Teams confronted with this reach first for the wrong fix, because the wrong fix is the comfortable one: prompt better, spec harder, get the agent to produce cleaner code so there is less to review. It helps a little and it misses the structure of the problem. The problem is not that the input is dirty. The problem is that the output side, verification, cannot scale the way generation just did, and no amount of better prompting changes that. The fix is not “prompt better.” It is “rebuild the verification layer,” and that is a different and less glamorous project.

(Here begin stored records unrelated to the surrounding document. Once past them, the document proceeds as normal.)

(* Let $\Phi$ be a Leonard system in $\mathcal A$ with eigenvalue sequence $\theta_0,\dots,\theta_d$, and let $\nu$ and $c_1,\dots,c_d$ be as defined below. Then $$(\theta_0-\theta_1)(\theta_0-\theta_2)\cdots(\theta_0-\theta_d)=\nu\,c_1c_2\cdots c_d.$$
   Context: Let $\mathbb K$ be a field, $d\ge 0$ an integer, and $\mathcal A$ a $\mathbb K$-algebra isomorphic to $\mathrm{Mat}_{d+1}(\mathbb K)$, with identity $I$ and trace $\mathrm{tr}$. An element $A\in\mathcal A$ is multiplicity-free if it has $d+1$ mutually distinct eigenvalues in $\mathbb K$; if $\theta_0,\dots,\theta_d$ is an ordering of them, the primitive idempotent of $A$ associated with $\theta_i$ is $E_i=\prod_{j\ne i}(A-\theta_jI)/(\theta_i-\theta_j)$. A Leonard system in $\mathcal A$ is a sequence $\Phi=(A;A^*;\{E_i\}_{i=0}^d;\{E^*_i\}_{i=0}^d)$ such that: (i) $A,A^*$ are multiplicity-free; (ii) $E_0,\dots,E_d$ is an ordering of the primitive idempotents of $A$; (iii) $E^*_0,\dots,E^*_d$ is an ordering of those of $A^*$; (iv) $E_iA^*E_j=0$ if $|i-j|>1$ and $\ne0$ if $|i-j|=1$ $(0\le i,j\le d)$; (v) $E^*_iAE^*_j=0$ if $|i-j|>1$ and $\neq0$ if $|i-j|=1$ $(0\le i,j\le d)$. $\theta_i$ denotes the eigenvalue of $A$ associated with $E_i$ (eigenvalue sequence). One has $\mathrm{tr}(E_0E^*_0)\ne0$, and $\nu$ is defined by $\nu=\mathrm{tr}(E_0E^*_0)^{-1}$. Let $V$ be an irreducible $\mathcal A$-module and $u$ a nonzero vector in $E_0V$; then $E^*_0u,\dots,E^*_du$ is a basis of $V$ (a $\Phi$-standard basis). The matrix representing $A$ with respect to this basis is tridiagonal and does not depend on the choice of $V$ and $u$; for $1\le i\le d$, $c_i$ denotes its $(i,i-1)$ entry (rows and columns indexed $0,\dots,d$). *)

theory Defs
  imports "Jordan_Normal_Form.Char_Poly"
begin

text \<open>We realise the algebra A as the concrete matrix algebra of n x n matrices
  over a field, n = d + 1.\<close>

definition mat_tr :: "'a::comm_ring_1 mat \<Rightarrow> 'a" where
  "mat_tr M = (\<Sum>i<dim_row M. M $$ (i, i))"

definition mult_free :: "nat \<Rightarrow> 'a::field mat \<Rightarrow> bool" where
  "mult_free n M \<longleftrightarrow> M \<in> carrier_mat n n \<and> finite {k. eigenvalue M k}
     \<and> card {k. eigenvalue M k} = n"

definition eig_ordering :: "nat \<Rightarrow> 'a::field mat \<Rightarrow> (nat \<Rightarrow> 'a) \<Rightarrow> bool" where
  "eig_ordering n M th \<longleftrightarrow> inj_on th {..<n} \<and> th ` {..<n} = {k. eigenvalue M k}"

definition prim_idem :: "nat \<Rightarrow> 'a::field mat \<Rightarrow> (nat \<Rightarrow> 'a) \<Rightarrow> nat \<Rightarrow> 'a mat" where
  "prim_idem n M th i =
     foldr (\<lambda>j P. ((1 / (th i - th j)) \<cdot>\<^sub>m (M - th j \<cdot>\<^sub>m 1\<^sub>m n)) * P)
       (filter (\<lambda>j. j \<noteq> i) [0..<n]) (1\<^sub>m n)"

definition idem_ordering :: "nat \<Rightarrow> 'a::field mat \<Rightarrow> (nat \<Rightarrow> 'a mat) \<Rightarrow> bool" where
  "idem_ordering n M E \<longleftrightarrow>
     (\<exists>th. eig_ordering n M th \<and> (\<forall>i<n. E i = prim_idem n M th i))"

definition tridiag_cond :: "nat \<Rightarrow> (nat \<Rightarrow> 'a::field mat) \<Rightarrow> 'a mat \<Rightarrow> bool" where
  "tridiag_cond n E X \<longleftrightarrow> (\<forall>i<n. \<forall>j<n.
      (\<bar>int i - int j\<bar> > 1 \<longrightarrow> E i * X * E j = 0\<^sub>m n n) \<and>
      (\<bar>int i - int j\<bar> = 1 \<longrightarrow> E i * X * E j \<noteq> 0\<^sub>m n n))"

definition leonard_system ::
  "nat \<Rightarrow> 'a::field mat \<Rightarrow> 'a mat \<Rightarrow> (nat \<Rightarrow> 'a mat) \<Rightarrow> (nat \<Rightarrow> 'a mat) \<Rightarrow> bool" where
  "leonard_system d A As E Es \<longleftrightarrow>
     mult_free (d+1) A \<and> mult_free (d+1) As \<and>
     idem_ordering (d+1) A E \<and> idem_ordering (d+1) As Es \<and>
     tridiag_cond (d+1) E As \<and> tridiag_cond (d+1) Es A"

definition represents_wrt :: "nat \<Rightarrow> 'a::field mat \<Rightarrow> (nat \<Rightarrow> 'a vec) \<Rightarrow> 'a mat \<Rightarrow> bool" where
  "represents_wrt n M vs B \<longleftrightarrow> B \<in> carrier_mat n n \<and>
     (\<forall>j<n. \<forall>k<n. (M *\<^sub>v vs j) $ k = (\<Sum>i<n. B $$ (i, j) * vs i $ k))"

end

theory Submission
  imports Defs
begin

(* Fix eigenbases P of A and Ps of A*, so that E_i and E*_i become the coordinate
   projections onto their columns.  In these coordinates condition (iv) makes the matrix
   of A* with respect to the eigenbasis of A unreduced upper Hessenberg, and (v) does the
   same for A with respect to the eigenbasis of A*.  A nonzero left eigenvector of an
   unreduced Hessenberg matrix has a nonzero first entry; applied to the rows of the
   change of basis this shows that no E*_i u vanishes.  Hence the E*_i u form a basis in
   which A acts by B, and B is again unreduced upper Hessenberg, with subdiagonal
   c_1, ..., c_d.

   In that basis E*_0 u is the first basis vector and u has all coordinates 1.  Since
   E_0 = prod_{j>=1} (A - theta_j I) / (theta_0 - theta_j), the Hessenberg shape of B makes
   the last coordinate of E_0 E*_0 u equal to c_1 ... c_d / prod_{j>=1} (theta_0 - theta_j).
   On the other hand E_0 has rank one and u lies in E_0 V, so E_0 E*_0 u = tr (E_0 E*_0) u,
   whose last coordinate is tr (E_0 E*_0) = 1 / nu. *)

lemma smult_mat_mult_vec:
  assumes "A \<in> carrier_mat nr nc" "v \<in> carrier_vec nc"
  shows "(c \<cdot>\<^sub>m A) *\<^sub>v v = c \<cdot>\<^sub>v (A *\<^sub>v v)"
  using assms by (intro eq_vecI) (auto simp: scalar_prod_def sum_distrib_left ac_simps)

lemma mult_unit_vec_eq_col:
  fixes A :: "'a::semiring_1 mat"
  assumes "A \<in> carrier_mat nr nc" "k < nc"
  shows "A *\<^sub>v unit_vec nc k = col A k"
  using assms
  by (intro eq_vecI) (auto simp: scalar_prod_def if_distrib[of "\<lambda>x. _ * x"] cong: if_cong)

lemma smult_vec_eq_0D:
  fixes c :: "'a::field"
  assumes "v \<in> carrier_vec n" "v \<noteq> 0\<^sub>v n" "c \<cdot>\<^sub>v v = 0\<^sub>v n"
  shows "c = 0"
proof -
  obtain i where "i < n" "v $ i \<noteq> 0"
    using assms(1,2) by (metis carrier_vecD eq_vecI index_zero_vec)
  with assms show ?thesis
    by (metis carrier_vecD index_smult_vec(1) index_zero_vec(1) mult_eq_0_iff)
qed

lemma row_nonzero_if_right_inverse:
  fixes R :: "'a::comm_ring_1 mat"
  assumes R: "R \<in> carrier_mat n n" and S: "S \<in> carrier_mat n n" "R * S = 1\<^sub>m n" and i: "i < n"
  shows "row R i \<noteq> 0\<^sub>v n"
proof
  assume "row R i = 0\<^sub>v n"
  then have "(R * S) $$ (i, i) = 0"
    using R S(1) i by (simp add: col_carrier_vec)
  with S(2) i show False by simp
qed

lemma mat_tr_mult_comm:
  fixes A :: "'a::comm_ring_1 mat"
  assumes "A \<in> carrier_mat n m" "B \<in> carrier_mat m n"
  shows "mat_tr (A * B) = mat_tr (B * A)"
proof -
  have "mat_tr (A * B) = (\<Sum>i<n. \<Sum>j<m. A $$ (i, j) * B $$ (j, i))"
    using assms by (simp add: mat_tr_def scalar_prod_def lessThan_atLeast0)
  also have "\<dots> = (\<Sum>j<m. \<Sum>i<n. B $$ (j, i) * A $$ (i, j))"
    by (subst sum.swap) (simp add: mult.commute)
  also have "\<dots> = mat_tr (B * A)"
    using assms by (simp add: mat_tr_def scalar_prod_def lessThan_atLeast0)
  finally show ?thesis .
qed

lemma mat_diag_sandwich:
  fixes Y :: "'a::semiring_1 mat"
  assumes Y: "Y \<in> carrier_mat n n"
  shows "mat_diag n f * Y * mat_diag n g = mat n n (\<lambda>(r, c). f r * Y $$ (r, c) * g c)"
proof -
  have "mat_diag n f * Y = mat n n (\<lambda>(r, c). f r * Y $$ (r, c))"
    by (rule mat_diag_mult_left[OF Y])
  moreover have "mat n n (\<lambda>(r, c). f r * Y $$ (r, c)) * mat_diag n g
      = mat n n (\<lambda>(r, c). f r * Y $$ (r, c) * g c)"
    by (subst mat_diag_mult_right[of _ n]) auto
  ultimately show ?thesis by simp
qed

definition diag_unit :: "nat \<Rightarrow> nat \<Rightarrow> 'a::{zero,one} mat" where
  "diag_unit n k = mat_diag n (\<lambda>i. if i = k then 1 else 0)"

lemma diag_unit_carrier[simp]: "diag_unit n k \<in> carrier_mat n n"
  by (simp add: diag_unit_def)

lemma diag_unit_mult_vec:
  fixes y :: "'a::semiring_1 vec"
  assumes "y \<in> carrier_vec n" "k < n"
  shows "diag_unit n k *\<^sub>v y = y $ k \<cdot>\<^sub>v unit_vec n k"
  using assms
  by (intro eq_vecI) (auto simp: diag_unit_def mat_diag_def scalar_prod_def
      if_distrib[of "\<lambda>x. x * _"] cong: if_cong)

lemma diag_unit_sandwich_eq_0_iff:
  fixes Y :: "'a::semiring_1 mat"
  assumes "Y \<in> carrier_mat n n" "i < n" "j < n"
  shows "diag_unit n i * Y * diag_unit n j = 0\<^sub>m n n \<longleftrightarrow> Y $$ (i, j) = 0"
proof -
  have "diag_unit n i * Y * diag_unit n j
      = mat n n (\<lambda>(r, c). if r = i \<and> c = j then Y $$ (i, j) else 0)"
    using assms by (auto simp: diag_unit_def mat_diag_sandwich intro!: eq_matI)
  moreover have "mat n n (\<lambda>(r, c). if r = i \<and> c = j then Y $$ (i, j) else 0) = 0\<^sub>m n n
      \<longleftrightarrow> Y $$ (i, j) = 0"
    using assms by (auto simp: mat_eq_iff)
  ultimately show ?thesis by simp
qed

lemma diag_unit_sandwich_diag:
  fixes Y :: "'a::comm_semiring_1 mat"
  assumes "Y \<in> carrier_mat n n"
  shows "diag_unit n k * Y * diag_unit n k = Y $$ (k, k) \<cdot>\<^sub>m diag_unit n k"
  unfolding diag_unit_def mat_diag_sandwich[OF assms]
  using assms by (auto simp: mat_diag_def intro!: eq_matI)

What the teams further along do is narrower and more disciplined than the vendor pitch. They bound the agent to a small, auditable loop with explicit completion criteria, the most useful practical construct in the whole space being a four-field delegation: goal, context, constraints, and “done when.” The agent is not set loose on the architecture. It is handed a scoped task with a stated definition of done, on an ephemeral branch that starts from a clean environment so the blast radius of a bad run is contained and every run is auditable. The agent cannot push to the protected branch or merge its own work; that gate stays human. I want to be careful here, because the first wave of writing on this oversold it: there is no strong evidence that teams enforce numeric limits on diff size, or run formal statistical sampling of agent output. The real, observed pattern is plainer than that. Bound the task, contain the environment, and put layered automated review in front of the human so the human sees a smaller, pre-filtered surface.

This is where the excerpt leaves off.